* Records provided
theorem lemma2p3:
  fixes \<alpha> T T0 t0 :: real
    and psin :: "nat \<Rightarrow> real \<Rightarrow> real"
    and x0 v0 :: "'i::finite \<Rightarrow> real ^ 'd"
    and xs vs :: "nat \<Rightarrow> real \<Rightarrow> 'i \<Rightarrow> real ^ 'd"
    and r :: "nat \<Rightarrow> nat"
    and x v w :: "real \<Rightarrow> 'i \<Rightarrow> real ^ 'd"
    and i j :: 'i
  assumes alpha: "0 < \<alpha>" "\<alpha> < 1"
    and T_pos: "0 < T"
    \<comment> \<open>the regularized kernels psi_n, n \<ge> 2\<close>
    and psin_far: "\<And>n s. n \<ge> 2 \<Longrightarrow> s \<ge> real (n - 1) powr (- 1 / \<alpha>) \<Longrightarrow> psin n s = psi \<alpha> s"
    and psin_near: "\<And>n s. n \<ge> 2 \<Longrightarrow> 0 \<le> s \<Longrightarrow> s \<le> real n powr (- 1 / \<alpha>) \<Longrightarrow> psin n s = real n"
    and psin_smooth: "\<And>n k s. n \<ge> 2 \<Longrightarrow> 0 < s \<Longrightarrow> ((deriv ^^ k) (psin n)) differentiable (at s)"
    and psin_mono: "\<And>n. n \<ge> 2 \<Longrightarrow> antimono_on {0..} (psin n)"
    \<comment> \<open>x^n, n \<ge> 2: C^2 solutions on [0,T] of the regularized system with the given data\<close>
    and xs_deriv: "\<And>n k t. n \<ge> 2 \<Longrightarrow> t \<in> {0..T} \<Longrightarrow>
        ((\<lambda>s. xs n s k) has_vector_derivative vs n t k) (at t within {0..T})"
    and vs_deriv: "\<And>n k t. n \<ge> 2 \<Longrightarrow> t \<in> {0..T} \<Longrightarrow>
        ((\<lambda>s. vs n s k) has_vector_derivative
           (1 / real CARD('i)) *\<^sub>R (\<Sum>l\<in>UNIV. psin n (norm (xs n t k - xs n t l)) *\<^sub>R (vs n t l - vs n t k)))
         (at t within {0..T})"
    and xs_init: "\<And>n. n \<ge> 2 \<Longrightarrow> xs n 0 = x0"
    and vs_init: "\<And>n. n \<ge> 2 \<Longrightarrow> vs n 0 = v0"
    \<comment> \<open>subsequence converging uniformly on [0,T] to x\<close>
    and r_mono: "strict_mono r"
    and r_ge: "\<And>k. r k \<ge> 2"
    and unif: "\<And>k. uniform_limit {0..T} (\<lambda>n t. xs (r n) t k) (\<lambda>t. x t k) sequentially"
    \<comment> \<open>definition of T0, and T0 \<le> T\<close>
    and T0_set_ne: "{t \<in> {0<..T}. \<exists>k. \<exists>l\<in>Bset x0 v0 k.
                      lim (\<lambda>n. norm (xs (r n) t k - xs (r n) t l)) = 0} \<noteq> {}"
    and T0_def: "T0 = Inf {t \<in> {0<..T}. \<exists>k. \<exists>l\<in>Bset x0 v0 k.
                      lim (\<lambda>n. norm (xs (r n) t k - xs (r n) t l)) = 0}"
    \<comment> \<open>C^1 convergence on [0,t] for every t < T0, with v = x' on [0,T0)\<close>
    and x_deriv: "\<And>k t. t \<in> {0..<T0} \<Longrightarrow>
        ((\<lambda>s. x s k) has_vector_derivative v t k) (at t within {0..<T0})"
    and unif_v: "\<And>k t. t \<in> {0..<T0} \<Longrightarrow>
        uniform_limit {0..t} (\<lambda>n s. vs (r n) s k) (\<lambda>s. v s k) sequentially"
    \<comment> \<open>w = w^(t0)\<close>
    and t0: "0 < t0" "t0 < T0"
    and w_deriv: "\<And>k t. t \<in> {t0..<T0} \<Longrightarrow>
        ((\<lambda>s. w s k) has_vector_derivative
           (1 / real CARD('i)) *\<^sub>R (\<Sum>l\<in>simclass \<alpha> x0 v0 x T0 k.
               psi \<alpha> (norm (x t k - x t l)) *\<^sub>R (w t l - w t k)))
         (at t within {t0..<T0})"
    and w_init: "\<And>k. w t0 k = v t0 k"
    and ij: "dotsim \<alpha> x0 v0 x T0 i j"
  shows "\<exists>s :: nat \<Rightarrow> real. (\<forall>n. s n \<in> {t0..<T0}) \<and> s \<longlonglongrightarrow> T0 \<and>
           (\<lambda>n. norm (w (s n) i - w (s n) j)) \<longlonglongrightarrow> 0"
proof -
  define C where "C = simclass \<alpha> x0 v0 x T0 i"
  have ij_C: "i \<in> C" "j \<in> C"
    unfolding C_def by (rule self_mem_simclass, rule mem_simclass_if_dotsim[OF ij])
  have T0_le: "T0 \<le> T"
    using T0_set_ne unfolding T0_def by (auto intro!: cInf_lower2 bdd_belowI[where m = 0])
  have wC: "((\<lambda>s. w s k) has_vector_derivative (1 / real CARD('i)) *\<^sub>R
        (\<Sum>l\<in>C. psi \<alpha> (norm (x t k - x t l)) *\<^sub>R (w t l - w t k))) (at t within {t0..<T0})"
    if "k \<in> C" "t \<in> {t0..<T0}" for k t
    using w_deriv[OF that(2), of k] simclass_eq_if_mem[OF that(1)[unfolded C_def]] unfolding C_def by simp
  have psi_nonneg: "0 \<le> psi \<alpha> s" for s
    unfolding psi_def by simp
  have "\<exists>s\<in>{t0..<T0}. \<tau> < s \<and> \<bar>norm (w s i - w s j)\<bar> < \<epsilon>" if \<epsilon>: "0 < \<epsilon>" and \<tau>: "\<tau> < T0" for \<epsilon> \<tau>
  proof (cases "j \<in> Bset x0 v0 i")
    case False
    then have "xs n 0 i = xs n 0 j \<and> vs n 0 i = vs n 0 j" if "n \<ge> 2" for n
      using xs_init[OF that] vs_init[OF that] unfolding Bset_def by auto
    note coincide = regularized_limit_pair_coincide[OF psin_near psin_smooth xs_deriv vs_deriv this r_ge unif unif_v T0_le]
    have "w s i = w s j" if "s \<in> {t0..<T0}" for s
    proof (rule consensus_equal_rows_stay_equal[OF wC ij_C _ _ _ _ that])
      show "psi \<alpha> (norm (x t i - x t l)) = psi \<alpha> (norm (x t j - x t l))" if "t \<in> {t0..<T0}" for t l
        using coincide(1) that t0 T0_le by auto
    qed (use psi_nonneg w_init coincide(2) t0 in auto)
    then show ?thesis
      using \<epsilon> \<tau> t0 by (intro bexI[of _ "(max \<tau> t0 + T0) / 2"]) auto
  next
    case True
    have "continuous_on {0..<T0} (\<lambda>s. x s k)" for k
      unfolding continuous_on_eq_continuous_within using x_deriv has_vector_derivative_continuous by blast
    then have "continuous_on {t0..<T0} (\<lambda>s. x s k)" for k
      by (rule continuous_on_subset) (use t0 in auto)
    then have "(\<lambda>s. ennreal (psi \<alpha> (norm (x s i - x s j))) * indicator {t0..<T0} s) \<in> borel_measurable lborel"
      by (intro psi_norm_indicator_measurable continuous_on_diff)
    moreover have "(\<integral>\<^sup>+ s\<in>{t..<T0}. ennreal (psi \<alpha> (norm (x s i - x s j))) \<partial>lborel) = \<infinity>" if "t \<in> {t0..<T0}" for t
      using ij True that t0 unfolding dotsim_def by auto
    ultimately show ?thesis
      using consensus_pair_frequently_close[OF wC, of i j] ij_C psi_nonneg t0 \<epsilon> \<tau>
      by (simp add: norm_minus_commute)
  qed
  then show ?thesis
    by (rule sequence_to_right_end_if_frequently_small)
qed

* What is being asked
Lines in the data that hold "simp" must be located and copied.

* Task response
    using w_deriv[OF that(2), of k] simclass_eq_if_mem[OF that(1)[unfolded C_def]] unfolding C_def by simp
    unfolding psi_def by simp
      by (simp add: norm_minus_commute)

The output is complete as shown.